Use of an indwelling arterial catheter for monitoring the cardiovascular system and arterial blood gas analysis is common in both the operating room and the intensive therapy unit. The presence of such a catheter provides a potential source of air embolism. Air introduced into the arterial tree may cause cerebral air embolism in a retrograde fashion, via a patent foramen ovale (or other septal defect) or, in the case of large volumes, via the pulmonary vasculature.
Cerebral air embolism from a peripheral arterial cannula has been previously reported in humans and in primates but it is unclear what the minimum volume required for significant injury is. (1) Chang et al were unable to state the volume of air inadvertently injected arterially which resulted in the death of an adult human female. In their animal study they demonstrated that 2 ml of air was needed to cause air embolism in a 7 kg macaque. By extrapolation the critical volume for 70 kg human should be well in excess of 2 ml.
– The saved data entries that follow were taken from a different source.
lemma count_vs_decay:
  fixes n :: nat and p :: real
  assumes n: "1 \<le> n" and m: "m = nat \<lfloor>log 2 (real n)\<rfloor>"
    and p: "25 * (log 2 (real n))^2 / real n \<le> p"
  shows "real n ^ Suc m * exp (- p * real n / 12) \<le> exp 3 * exp (- ((log 2 (real n))^2))"
proof -
  define L where "L = log 2 (real n)"
  have npos: "0 < real n" using n by simp
  have L0: "0 \<le> L" unfolding L_def using n by simp
  have mL: "real m \<le> L" unfolding m L_def using L0 by (simp add: L_def)
  have "real n ^ Suc m = exp (real (Suc m) * ln (real n))"
    using npos by (subst exp_of_nat_mult) simp
  moreover have "real (Suc m) * ln (real n) \<le> (L + 1) * L"
  proof -
    have "ln (real n) = L * ln 2" unfolding L_def log_def by simp
    moreover have "real (Suc m) * ln (real n) \<le> (L + 1) * ln (real n)"
      using mL n by (intro mult_right_mono) auto
    moreover have "(L + 1) * L * ln 2 \<le> (L + 1) * L"
      using L0 ln_2_less_1 by (simp add: mult_left_le)
    ultimately show ?thesis by simp
  qed
  moreover have "(L + 1) * L - p * real n / 12 \<le> 3 - L^2"
  proof -
    have "25 * L^2 \<le> p * real n" using p npos unfolding L_def by (simp add: pos_divide_le_eq)
    moreover have "0 \<le> (L - 6)^2" by simp
    ultimately show ?thesis by (simp add: power2_eq_square algebra_simps)
  qed
  ultimately have "real n ^ Suc m * exp (- p * real n / 12) \<le> exp (3 - L^2)"
    by (simp add: exp_add[symmetric])
  then show ?thesis unfolding L_def by (simp add: exp_diff exp_minus field_simps)
qed

theorem mainTheorem2:
  shows "\<exists>C N0. \<forall>(G :: 'a monoid) (p :: real).
     comm_group G \<and> finite (carrier G) \<and> \<not> two_group G \<and> order G \<ge> N0 \<and>
     25 * (log 2 (real (order G)))^2 / real (order G) \<le> p \<and> p \<le> 1/2 \<longrightarrow>
     rand_prob G p (bad_event G) \<le> C * exp (- ((log 2 (real (order G)))^2))"
proof (intro exI[of _ "exp 3"] exI[of _ "0::nat"] allI impI, elim conjE)
  fix G :: "'a monoid" and p :: real
  assume cg: "comm_group G" and fin: "finite (carrier G)" and nt: "\<not> two_group G"
    and lower: "25 * (log 2 (real (order G)))^2 / real (order G) \<le> p" and upper: "p \<le> 1/2"
  interpret comm_group G by (rule cg)
  define m where "m = nat \<lfloor>log 2 (real (order G))\<rfloor>"
  have n_pos: "0 < order G" using fin order_gt_0_iff_finite by blast
  have p_nonneg: "0 \<le> p" by (rule order_trans[OF _ lower]) simp
  have "rand_prob G p (bad_event G) \<le> real (order G) ^ Suc m * exp (- p * real (order G) / 12)"
    using bad_event_prob_le[OF fin nt p_nonneg upper] less_two_pow_floor_log[OF n_pos]
    unfolding m_def by blast
  also have "\<dots> \<le> exp 3 * exp (- ((log 2 (real (order G)))^2))"
    using count_vs_decay[OF _ m_def lower] n_pos by simp
  finally show "rand_prob G p (bad_event G) \<le> exp 3 * exp (- ((log 2 (real (order G)))^2))" .
qed

end
(* Let $n\ge 1$, let $\lambda_0\in\mathbb{C}$, and let $\lambda_1^{\mathcal{C}},\dots,\lambda_n^{\mathcal{C}},\lambda_1^{\mathcal{B}},\dots,\lambda_n^{\mathcal{B}}\in\mathbb{C}$. Put $X=\{\lambda_1^{\mathcal{C}},\dots,\lambda_n^{\mathcal{C}}\}$, $Y=\{\lambda_1^{\mathcal{B}},\dots,\lambda_n^{\mathcal{B}}\}$, and for $\lambda\in X$ (resp. $\lambda\in Y$) write $X_\lambda=X\setminus\{\lambda\}$ (resp. $Y_\lambda=Y\setminus\{\lambda\}$). For $\lambda=\lambda_k^{\mathcal{C}}\in X$, let $\vec X^{0,n}_\lambda$ denote the $n$-tuple obtained from $(\lambda_0,\lambda_1^{\mathcal{C}},\dots,\lambda_n^{\mathcal{C}})$ by deleting the entry $\lambda_k^{\mathcal{C}}$; similarly, for $\lambda=\lambda_k^{\mathcal{B}}\in Y$, let $\vec Y^{0,n}_\lambda$ be obtained from $(\lambda_0,\lambda_1^{\mathcal{B}},\dots,\lambda_n^{\mathcal{B}})$ by deleting $\lambda_k^{\mathcal{B}}$. Define $$M_0=\Lambda_{\mathcal{A}}(\lambda_0)\Big\{\prod_{\lambda\in Y}\frac{a(\lambda-\lambda_0)}{b(\lambda-\lambda_0)}\frac{b(\lambda+\lambda_0)}{a(\lambda+\lambda_0)}-\prod_{\lambda\in X}\frac{a(\lambda-\lambda_0)}{b(\lambda-\lambda_0)}\frac{b(\lambda+\lambda_0)}{a(\lambda+\lambda_0)}\Big\},$$ $$N^{(\mathcal{C})}_\lambda=\Lambda_{\mathcal{A}}(\lambda)\frac{c}{b(\lambda-\lambda_0)}\frac{b(2\lambda)}{a(2\lambda)}\prod_{\tilde\lambda\in X_\lambda}\frac{a(\tilde\lambda-\lambda)}{b(\tilde\lambda-\lambda)}\frac{b(\tilde\lambda+\lambda)}{a(\tilde\lambda+\lambda)}+\Lambda_{\tilde{\mathcal{D}}}(\lambda)\frac{c}{a(\lambda+\lambda_0)}\prod_{\tilde\lambda\in X_\lambda}\frac{a(\lambda-\tilde\lambda)}{b(\lambda-\tilde\lambda)}\frac{a(\lambda+\tilde\lambda+\gamma)}{b(\lambda+\tilde\lambda+\gamma)}$$ for $\lambda\in X$, and $$N^{(\mathcal{B})}_\lambda=-\Lambda_{\mathcal{A}}(\lambda)\frac{c}{b(\lambda-\lambda_0)}\frac{b(2\lambda)}{a(2\lambda)}\prod_{\tilde\lambda\in Y_\lambda}\frac{a(\tilde\lambda-\lambda)}{b(\tilde\lambda-\lambda)}\frac{b(\tilde\lambda+\lambda)}{a(\tilde\lambda+\lambda)}-\Lambda_{\tilde{\mathcal{D}}}(\lambda)\frac{c}{a(\lambda+\lambda_0)}\prod_{\tilde\lambda\in Y_\lambda}\frac{a(\lambda-\tilde\lambda)}{b(\lambda-\tilde\lambda)}\frac{a(\lambda+\tilde\lambda+\gamma)}{b(\lambda+\tilde\lambda+\gamma)}$$ for $\lambda\in Y$. Then the scalar product satisfies $$M_0\,\mathcal{S}_n(\lambda_1^{\mathcal{C}},\dots,\lambda_n^{\mathcal{C}}\,|\,\lambda_1^{\mathcal{B}},\dots,\lambda_n^{\mathcal{B}})+\sum_{\lambda\in X}N^{(\mathcal{C})}_\lambda\,\mathcal{S}_n(\vec X^{0,n}_\lambda\,|\,\lambda_1^{\mathcal{B}},\dots,\lambda_n^{\mathcal{B}})+\sum_{\lambda\in Y}N^{(\mathcal{B})}_\lambda\,\mathcal{S}_n(\lambda_1^{\mathcal{C}},\dots,\lambda_n^{\mathcal{C}}\,|\,\vec Y^{0,n}_\lambda)=0.$$
   Context: Fix generic $\gamma,h\in\mathbb{C}$, an integer $L\ge1$ and inhomogeneities $\mu_1,\dots,\mu_L\in\mathbb{C}$. Set $a(\lambda)=\sinh(\lambda+\gamma)$, $b(\lambda)=\sinh(\lambda)$, $c=c(\lambda)=\sinh(\gamma)$ (a constant). Let $\mathcal{R}(\lambda)\in\mathrm{End}(\mathbb{C}^2\otimes\mathbb{C}^2)$ be the six-vertex ($\mathcal{U}_q[\widehat{\mathfrak{sl}}(2)]$-invariant) R-matrix, which in the basis $e_1\otimes e_1,e_1\otimes e_2,e_2\otimes e_1,e_2\otimes e_2$ is $\begin{pmatrix}a(\lambda)&0&0&0\\0&b(\lambda)&c&0\\0&c&b(\lambda)&0\\0&0&0&a(\lambda)\end{pmatrix}$, and let $\mathcal{K}(\lambda)=\mathrm{diag}(\sinh(h+\lambda),\sinh(h-\lambda))$. With an auxiliary space $V_0\cong\mathbb{C}^2$ and quantum space $V_{\mathcal{Q}}=(\mathbb{C}^2)^{\otimes L}$ (sites $1,\dots,L$), $\mathcal{R}_{0j}$ denotes $\mathcal{R}$ acting on $V_0\otimes V_j$ and $\mathcal{K}_0$ denotes $\mathcal{K}$ acting on $V_0$. Operators $\mathcal{A},\mathcal{B},\mathcal{C},\mathcal{D}(\lambda)\in\mathrm{End}(V_{\mathcal{Q}})$ are defined by $\mathcal{R}_{0L}(\lambda-\mu_L)\cdots\mathcal{R}_{01}(\lambda-\mu_1)\,\mathcal{K}_0(\lambda)\,\mathcal{R}_{01}(\lambda+\mu_1)\cdots\mathcal{R}_{0L}(\lambda+\mu_L)=\begin{pmatrix}\mathcal{A}(\lambda)&\mathcal{B}(\lambda)\\\mathcal{C}(\lambda)&\mathcal{D}(\lambda)\end{pmatrix}$ (a $2\times2$ matrix on $V_0$). Let $|0\rangle=(1,0)^{T\otimes L}$ and $\langle 0|=(1,0)^{\otimes L}$. The off-shell scalar product is $\mathcal{S}_n(\lambda_1^{\mathcal{C}},\dots,\lambda_n^{\mathcal{C}}\,|\,\lambda_1^{\mathcal{B}},\dots,\lambda_n^{\mathcal{B}})=\langle0|\mathcal{C}(\lambda_n^{\mathcal{C}})\cdots\mathcal{C}(\lambda_1^{\mathcal{C}})\mathcal{B}(\lambda_1^{\mathcal{B}})\cdots\mathcal{B}(\lambda_n^{\mathcal{B}})|0\rangle$ for arbitrary complex variables. Also $\Lambda_{\mathcal{A}}(\lambda)=b(h+\lambda)\prod_{j=1}^L a(\lambda-\mu_j)a(\lambda+\mu_j)$ and $\Lambda_{\tilde{\mathcal{D}}}(\lambda)=-\frac{b(2\lambda)}{a(2\lambda)}a(\lambda-h)\prod_{j=1}^L b(\lambda-\mu_j)b(\lambda+\mu_j)$. The identity is understood as an identity of meromorphic functions of all the variables. *)

theory Defs
  imports Complex_Main
begin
Cerebral air embolism may cause a spectrum of adverse effects ranging from the absence of or very mild symptoms and signs to severe neurological injury or death. Signs which have been described include focal motor deficit, sensorial disturbance and visual deficit. Murphy et al described 16 patients with cerebral air embolism treated with hyperbaric oxygen. (2) The most common presenting symptom was a sudden change in sensorium. Smaller numbers exhibited focal motor deficit or visual changes. Respiratory arrest, seizures and severe headache were described in a minority of cases. Cerebral air embolism in an anaesthetised or sedated patient may, therefore, be hard or impossible to detect as the patient is unable to report changes in the sensorium or visual defects and abnormal motor function may not be detectable.
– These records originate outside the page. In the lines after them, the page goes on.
locale poisson_setting = positive_recurrent_chain P M X \<pi>
  for P :: "'s::countable \<Rightarrow> 's \<Rightarrow> real" and M :: "'s \<Rightarrow> 'w measure" and X \<pi> +
  fixes g :: "'s \<Rightarrow> real" and \<omega> :: real and j :: 's and A :: "'s set"
  assumes g_summable: "(\<lambda>k. \<pi> k * \<bar>g k\<bar>) summable_on UNIV"
    and \<omega>_eq: "\<omega> = (\<Sum>\<^sub>\<infinity>k. \<pi> k * g k)"
    and A_nonempty: "A \<noteq> {}"
begin

text \<open>Positive and negative parts of the centred reward \<open>g - \<omega>\<close>, and for a nonnegative reward
  \<open>v\<close>: its expectation \<open>H v\<close> before \<open>T(j)\<close>, \<open>V v\<close> before \<open>T(A)\<close>, and \<open>U v\<close> the expected
  value of \<open>H v\<close> at \<open>X (T(A))\<close>.\<close>

definition f_pos :: "'s \<Rightarrow> ennreal" where "f_pos k = ennreal (g k - \<omega>)"
definition f_neg :: "'s \<Rightarrow> ennreal" where "f_neg k = ennreal (\<omega> - g k)"
abbreviation f_abs :: "'s \<Rightarrow> ennreal" where "f_abs \<equiv> \<lambda>k. f_pos k + f_neg k"

abbreviation H :: "('s \<Rightarrow> ennreal) \<Rightarrow> 's \<Rightarrow> ennreal" where "H v \<equiv> reward_before {j} v"
abbreviation V :: "('s \<Rightarrow> ennreal) \<Rightarrow> 's \<Rightarrow> ennreal" where "V v \<equiv> reward_before A v"
abbreviation U :: "('s \<Rightarrow> ennreal) \<Rightarrow> 's \<Rightarrow> ennreal" where "U v \<equiv> reward_before A (trans_on A (H v))"

lemma f_pos_add_f_neg: "f_pos k + f_neg k = ennreal \<bar>g k - \<omega>\<bar>"
  by (cases "g k \<le> \<omega>") (simp_all add: f_pos_def f_neg_def ennreal_neg)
The available techniques for the detection of air embolism are predominantly aimed at the venous circulation as, in the anaesthesia setting, this route of entry is more common than the arterial. In ascending order of sensitivity, these include measurement of blood pressure, cardiac output monitoring, end-tidal carbon dioxide, precordial doppler ultrasound and transoesophageal echocardiography (TOE). (3) Of these methods, doppler and TOE are quantifiable in their ability to detect air embolism. Doppler may detect volumes of air down to 0.5ml and TOE may be 5 to 10 times as sensitive.
The management of cerebral air embolism is largely supportive. Attenuation of bubble size is the prime objective and 100% oxygen should, therefore, be administered in all suspected cases as this favours nitrogen ‘washout’ from the bubble into the alveoli. The administration of nitrous oxide should be discontinued immediately as it diffuses rapidly into any air space including bubbles and significantly increases their size. Hyperbaric oxygen has been shown to be of benefit in up to 80% of cases of cerebral air embolism but controlled trials have yet to be performed. (2) However, the effectiveness of therapy is dependent on the volume and precise position of the embolism as well as any pre-existing morbidity.
In conclusion, cerebral air embolism is an uncommon yet potentially fatal complication associated with arterial catheterisation. The volume of air necessary to cause patient detriment is unknown but may be lower than previously described. In the case reported here, the volume of the monitoring line from the three-way tap to the distal luer lock was measured as 1.6 ml and this was the volume inadvertently injected into the radial artery. It therefore appears that quite small volumes of air may cause significant cerebral injury if inadvertently injected into the peripheral arterial tree at high pressure. All physicians, nurses and paramedics should be aware of the potential for disaster and exercise due care in the management of arterial cannulae.